The rest of the paper is organized as follows: “Methodology” section describes the research methodology deployed for the study. “POS tagging approaches” section presents the basic POS tagging approaches. “Artificial Intelligence methods for POS tagging” section describes the ML and DL methodologies used. The details about the evaluation metrics are shown in “Evaluation metrics” section. Recent observations in POS implementation, research challenges, and future research directions are also presented in “Remarks, challenges, and future trends” section. Finally, the Conclusion of the review article is presented in “Conclusion” section.


This study explores a systematic literature review of various DL and ML-based POS tagging and examines the research articles published from 2017 to 2021. A systematic article review is a research methodology conducted to identify, extract, and examine useful literature related to a particular research area. We followed two stages process in this systematic review.

Stage-1 identifies the information resource and keywords to execute query related to "POST" and obtain an initial list of articles.

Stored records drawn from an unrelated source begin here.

lemma kinetic_solution_marginal_ge_sets:
  fixes t :: real
  assumes "t > 0"
  obtains c where "c > 0"
    and "\<And>(f :: real \<Rightarrow> ((real^'d) \<times> (real^'d)) measure) s C.
      kinetic_solution f \<Longrightarrow> t / 2 \<le> s \<Longrightarrow> s \<le> t \<Longrightarrow> C \<in> sets borel \<Longrightarrow>
      ennreal c * (\<integral>\<^sup>+u. indicator (cball 0 (real CARD('d) + t)) u * indicator C (wrap u) \<partial>lborel)
        \<le> emeasure (f s) (fst -` C)"
proof -
  define n where "n = CARD('d)"
  define R where "R = (2 * real n + t) / (t / 4)"
  define m where "m = maxwellian (0::real^'d) * exp (- R\<^sup>2 / 2) / t ^ n"
  have "m > 0"
    using maxwellian_pos[of "0::real^'d"] \<open>t > 0\<close> by (simp add: m_def)
  moreover have "ennreal (exp (- t) * (t / 4) * m) *
      (\<integral>\<^sup>+u. indicator (cball 0 (real n + t)) u * indicator C (wrap u) \<partial>lborel)
        \<le> emeasure (f s) (fst -` C)"
    if f: "kinetic_solution f" and s: "t / 2 \<le> s" "s \<le> t" and C [measurable]: "C \<in> sets borel"
    for f :: "real \<Rightarrow> ((real^'d) \<times> (real^'d)) measure" and s C
  proof -
    define L where "L = (\<integral>\<^sup>+u. indicator (cball 0 (real n + t)) u * indicator C (wrap u) \<partial>lborel)"
    txt \<open>Only the gain at times r \<le> t/4 is used: the flight time s - r then lies in [t/4, t], so
      the velocities that carry a point of the torus into the ball stay bounded.\<close>
    have transport_ge: "ennreal m * L \<le> (\<integral>\<^sup>+z. maxwellian_transport (s - r) (fst -` C) (fst z) \<partial>f r)"
      if r: "0 \<le> r" "r \<le> t / 4" for r
    proof -
      have \<sigma>: "t / 4 \<le> s - r" "s - r \<le> t"
        using r s by auto
      have "real n + (real n + t) = t / 4 * R"
        using \<open>t > 0\<close> by (simp add: R_def)
      also have "\<dots> \<le> (s - r) * R"
        using \<sigma> \<open>t > 0\<close> by (intro mult_right_mono) (simp_all add: R_def)
      finally have R: "real n + (real n + t) \<le> (s - r) * R" .
      have "ennreal m * L \<le> maxwellian_transport (s - r) (fst -` C) x" for x
        unfolding m_def L_def n_def using \<sigma> \<open>t > 0\<close> R
        by (intro maxwellian_transport_cylinder_ge) (simp_all add: n_def)
      then show ?thesis
        using r(1) by (intro prob_space.nn_integral_ge_const prob_space_kinetic_solution[OF f] AE_I2)
    qed
    have "ennreal (exp (- s) * (t / 4)) * (ennreal m * L) \<le> emeasure (f s) (fst -` C)"
      using kinetic_solution_ge_of_transport_ge[where a = 0 and b = "t / 4", OF f _ _ _ _ transport_ge]
        measurable_sets[OF borel_measurable_fst C] s \<open>t > 0\<close>
      by simp
    moreover have "ennreal (exp (- t) * (t / 4) * m) * L \<le> ennreal (exp (- s) * (t / 4)) * (ennreal m * L)"
    proof -
      have "ennreal (exp (- t) * (t / 4) * m) \<le> ennreal (exp (- s) * (t / 4) * m)"
        using s \<open>t > 0\<close> \<open>m > 0\<close> by (intro ennreal_leI mult_right_mono) auto
      also have "\<dots> = ennreal (exp (- s) * (t / 4)) * ennreal m"
        using s \<open>t > 0\<close> \<open>m > 0\<close> by (intro ennreal_mult) auto
      finally show ?thesis
        by (metis mult.assoc mult_right_mono zero_le)
    qed
    ultimately show ?thesis
      unfolding L_def by simp
  qed
  ultimately show thesis
    using \<open>t > 0\<close> that[of "exp (- t) * (t / 4) * m"] by (simp add: n_def)
qed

Stage-2 applies certain criteria on the initial list to select the most related and core articles and store them into a final list reviewed in this paper. The main aim of this review paper is to answer some of the following questions: (i) What is state-of-the-art in the design of AI-oriented POS tagging? (ii) What are the current ML and DL methodologies deployed for designing POS tagging? (iii) What are the strengths and weaknesses of deployed methods and techniques? (iv)? What are the most common evaluation metrics used for testing? And (v) What are the future research trends in AI-oriented POS tagging?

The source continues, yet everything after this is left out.